I didn’t plan on having a dreamy summer afternoon today, but arriving home from morning errands, I was greeted by my diligent postal service representative with a compact box requiring my signature. I had been expecting the package, but I guess being mentally prepared wasn’t the same thing as being heart-prepared: when I opened the box, I fell in love with the first item tucked carefully beneath the tissue wrapping.
It was a diary.
A teenager, turning “Sweet Sixteen” in the midst of this journal’s pages, catalogued the places she frequented, the friends she spent time with, the events she attended—all in the plainspoken matter-of-fact manner of the younger generation. The only difference was that this writer began telling her story on New Year’s Day in 1906.

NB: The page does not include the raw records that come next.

(* Let $n$ be a positive integer, $f(x)\mid x^n-1$, and $p(x)\in\mathbb{F}_2[x]$ with $\gcd(p(x),x^n-1)=1$; write $p(x)^{-1}$ for the inverse of $p(x)$ modulo $x^n-1$ and $h(x)=\frac{x^n-1}{f(x)}$. Suppose $r(x),s(x),r'(x),s'(x)\in\mathbb{F}_2[x]$ satisfy $$r(x)+p(x)s(x)\equiv h(x)\pmod{x^n-1},\qquad r'(x)+p(x)^{-1}s'(x)\equiv h(x)\pmod{x^n-1},$$ and let $d$ be the minimum distance of the length-$n$ binary cyclic code generated by $h(x)$. Then the generalized bicycle code defined by $(f(x),p(x)f(x))$ has parameters $[[2n,2\deg(f(x)),d_{GB}]]$ with $$\min\Big\{\frac{(\mathrm{wt}(p)+\mathrm{wt}(p^{-1}))\,d}{m+\mathrm{wt}(p)\,\mathrm{wt}(p^{-1})},\ \frac{d}{m'}\Big\}\ \le\ d_{GB}\ \le\ \min\{\mathrm{wt}(p)+1,\ \mathrm{wt}(p^{-1})+1,\ \mathrm{wt}(s)+\mathrm{wt}(r)\},$$ where $m=\max\{\mathrm{wt}(p),\mathrm{wt}(p^{-1})\}$ and $m'$ may be taken to be either $\max\{\mathrm{wt}(r),\mathrm{wt}(s)\}$ or $\max\{\mathrm{wt}(r'),\mathrm{wt}(s')\}$. Moreover, $C_1\setminus C_2$ contains elements (non-trivial logical operators) of weights $\mathrm{wt}(p)+1$ and $\mathrm{wt}(s)+\mathrm{wt}(r)$.
   Context: All polynomials are reduced modulo $x^n-1$ (representatives of degree $<n$) before taking weights; $\mathrm{wt}$ is the number of nonzero coefficients. The cyclic code generated by $h(x)$ is the ideal $\langle h(x)\rangle$ of $R_n=\mathbb{F}_2[x]/\langle x^n-1\rangle$, viewed in $\mathbb{F}_2^n$. The generalized bicycle (GB) code defined by $a(x),b(x)\in R_n$ is the CSS code on $2n$ qubits, vectors of $\mathbb{F}_2^{2n}$ being pairs $(u(x),v(x))$, with X-stabilizer space $C_2=\{(ca,cb):c\in R_n\}$, $C_1=\{(u,v):u b+v a=0\text{ in }R_n\}$, Z-stabilizer space $C_2'=\{(c\,b(x^{-1}),c\,a(x^{-1}))\}$ and $C_1'=\{(u,v):u\,a(x^{-1})+v\,b(x^{-1})=0\}$ ($x^{-1}=x^{n-1}$); its dimension is $\dim C_1-\dim C_2$ and its minimum distance $d_{GB}$ is the minimum Hamming weight of an element of $(C_1\setminus C_2)\cup(C_1'\setminus C_2')$. *)

theory Defs
  imports "HOL-Computational_Algebra.Polynomial" "HOL-Library.Z2" "HOL-Library.Product_Plus"
begin

definition xn1 :: "nat \<Rightarrow> bit poly" where
  "xn1 n = monom 1 n - 1"

definition redn :: "nat \<Rightarrow> bit poly \<Rightarrow> bit poly" where
  "redn n p = p mod xn1 n"

definition wt :: "nat \<Rightarrow> bit poly \<Rightarrow> nat" where
  "wt n p = card {i. coeff (redn n p) i \<noteq> 0}"

definition Rn :: "nat \<Rightarrow> bit poly set" where
  "Rn n = {p. redn n p = p}"

text \<open>p(x^{-1}) in R_n, where x^{-1} = x^{n-1}.\<close>
definition conjx :: "nat \<Rightarrow> bit poly \<Rightarrow> bit poly" where
  "conjx n p = redn n (\<Sum>i<n. monom (coeff (redn n p) i) ((n - i) mod n))"

definition cyclic_code :: "nat \<Rightarrow> bit poly \<Rightarrow> bit poly set" where
  "cyclic_code n h = {redn n (c * h) | c. True}"

definition min_dist :: "nat \<Rightarrow> bit poly \<Rightarrow> nat" where
  "min_dist n h = Inf {wt n u | u. u \<in> cyclic_code n h \<and> u \<noteq> 0}"

definition GB_C2 :: "nat \<Rightarrow> bit poly \<Rightarrow> bit poly \<Rightarrow> (bit poly \<times> bit poly) set" where
  "GB_C2 n a b = {(redn n (c * a), redn n (c * b)) | c. True}"

definition GB_C1 :: "nat \<Rightarrow> bit poly \<Rightarrow> bit poly \<Rightarrow> (bit poly \<times> bit poly) set" where
  "GB_C1 n a b = {(u, v). u \<in> Rn n \<and> v \<in> Rn n \<and> redn n (u * b + v * a) = 0}"

definition GB_C2' :: "nat \<Rightarrow> bit poly \<Rightarrow> bit poly \<Rightarrow> (bit poly \<times> bit poly) set" where
  "GB_C2' n a b = {(redn n (c * conjx n b), redn n (c * conjx n a)) | c. True}"

definition GB_C1' :: "nat \<Rightarrow> bit poly \<Rightarrow> bit poly \<Rightarrow> (bit poly \<times> bit poly) set" where
  "GB_C1' n a b = {(u, v). u \<in> Rn n \<and> v \<in> Rn n \<and> redn n (u * conjx n a + v * conjx n b) = 0}"

definition pscale :: "bit \<Rightarrow> bit poly \<times> bit poly \<Rightarrow> bit poly \<times> bit poly" where
  "pscale c w = (smult c (fst w), smult c (snd w))"

definition fdim :: "(bit poly \<times> bit poly) set \<Rightarrow> nat" where
  "fdim S = vector_space.dim pscale S"

definition GB_dim :: "nat \<Rightarrow> bit poly \<Rightarrow> bit poly \<Rightarrow> nat" where
  "GB_dim n a b = fdim (GB_C1 n a b) - fdim (GB_C2 n a b)"

definition wtv :: "nat \<Rightarrow> bit poly \<times> bit poly \<Rightarrow> nat" where
  "wtv n w = wt n (fst w) + wt n (snd w)"

definition GB_dist :: "nat \<Rightarrow> bit poly \<Rightarrow> bit poly \<Rightarrow> nat" where
  "GB_dist n a b = Inf {wtv n w | w. w \<in> (GB_C1 n a b - GB_C2 n a b) \<union> (GB_C1' n a b - GB_C2' n a b)}"

end

theory Submission
  imports Defs
begin

text \<open>
  Since \<open>f h = x\<^sup>n - 1\<close>, a pair \<open>(u, v)\<close> lies in \<open>C\<^sub>1\<close> iff \<open>h\<close> divides \<open>z = u p + v\<close>, i.e. iff
  \<open>z\<close> is a codeword of the cyclic code generated by \<open>h\<close>. If \<open>z \<noteq> 0\<close>, then \<open>z\<close> and
  \<open>p\<^sup>-\<^sup>1 z = u + v p\<^sup>-\<^sup>1\<close> are nonzero codewords, so \<open>d \<le> wt(u) wt(p) + wt(v)\<close> and
  \<open>d \<le> wt(u) + wt(v) wt(p\<^sup>-\<^sup>1)\<close>; adding these with weights \<open>wt(p\<^sup>-\<^sup>1)\<close> and \<open>wt(p)\<close> gives
  the first lower bound. If \<open>z = 0\<close>, then \<open>v = u p\<close>, and \<open>(u, v) \<notin> C\<^sub>2\<close> means that \<open>f\<close> does
  not divide \<open>u\<close>, so \<open>u h\<close> and \<open>v h\<close> are nonzero codewords; expanding \<open>u h = u r + v s\<close>
  (or \<open>v h = v r' + u s'\<close>) gives \<open>d \<le> (wt(u) + wt(v)) max(wt(r), wt(s))\<close>.
  The substitution \<open>x \<mapsto> x\<^sup>-\<^sup>1\<close> maps \<open>C\<^sub>1' - C\<^sub>2'\<close> into \<open>C\<^sub>1 - C\<^sub>2\<close> preserving
  weights, so these bounds control all of \<open>d\<^sub>G\<^sub>B\<close>. The upper bounds are the weights of the
  logical operators \<open>(1, p)\<close>, \<open>(p\<^sup>-\<^sup>1, 1)\<close> and \<open>(s, r)\<close>. As for the dimension,
  \<open>C\<^sub>2 \<cong> R\<^sub>n/(h)\<close> has dimension \<open>deg h = n - deg f\<close>, and
  \<open>C\<^sub>1 = {(u, u p + h q)}\<close> with \<open>deg q < deg f\<close> has dimension \<open>n + deg f\<close>.
\<close>

lemma add_self_bit_poly [simp]: "(a::bit poly) + a = 0"
proof -
  have "x + x = 0" for x :: bit by (cases x) simp_all
  then show ?thesis by (intro poly_eqI) (simp only: coeff_add coeff_0)
qed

I was entranced because, this afternoon, I got to read the words she wrote so many years ago—descriptions of the people and events related to my husband’s paternal grandmother, Agnes Tully. For this writer was Agnes’ cousin Edna.
For so many years, I had scoured census records detailing the addresses where Edna lived, copied documents recording the significant events in her life, and compared notes with other researchers’ online postings. But now I got to read about these people and places as seen from her own fifteen-year-old eyes.
I mulled over entries giving initials only, guessing who those initials might represent. I saw mentions of cousins’ names, knowing where they fit in the family picture. I lived through her memories with her, in this little glimpse she allowed, and tried to absorb the essence of what life must have seemed like for a fresh face at the turn of a different century.
Before I knew it, my afternoon had flown. I had been living in a different life for a time, and it lent its timelessness to me.
There was more to find in that box, of course, but those discoveries will wait for another day. For now, I just wanted to savor the memories of another relative’s life.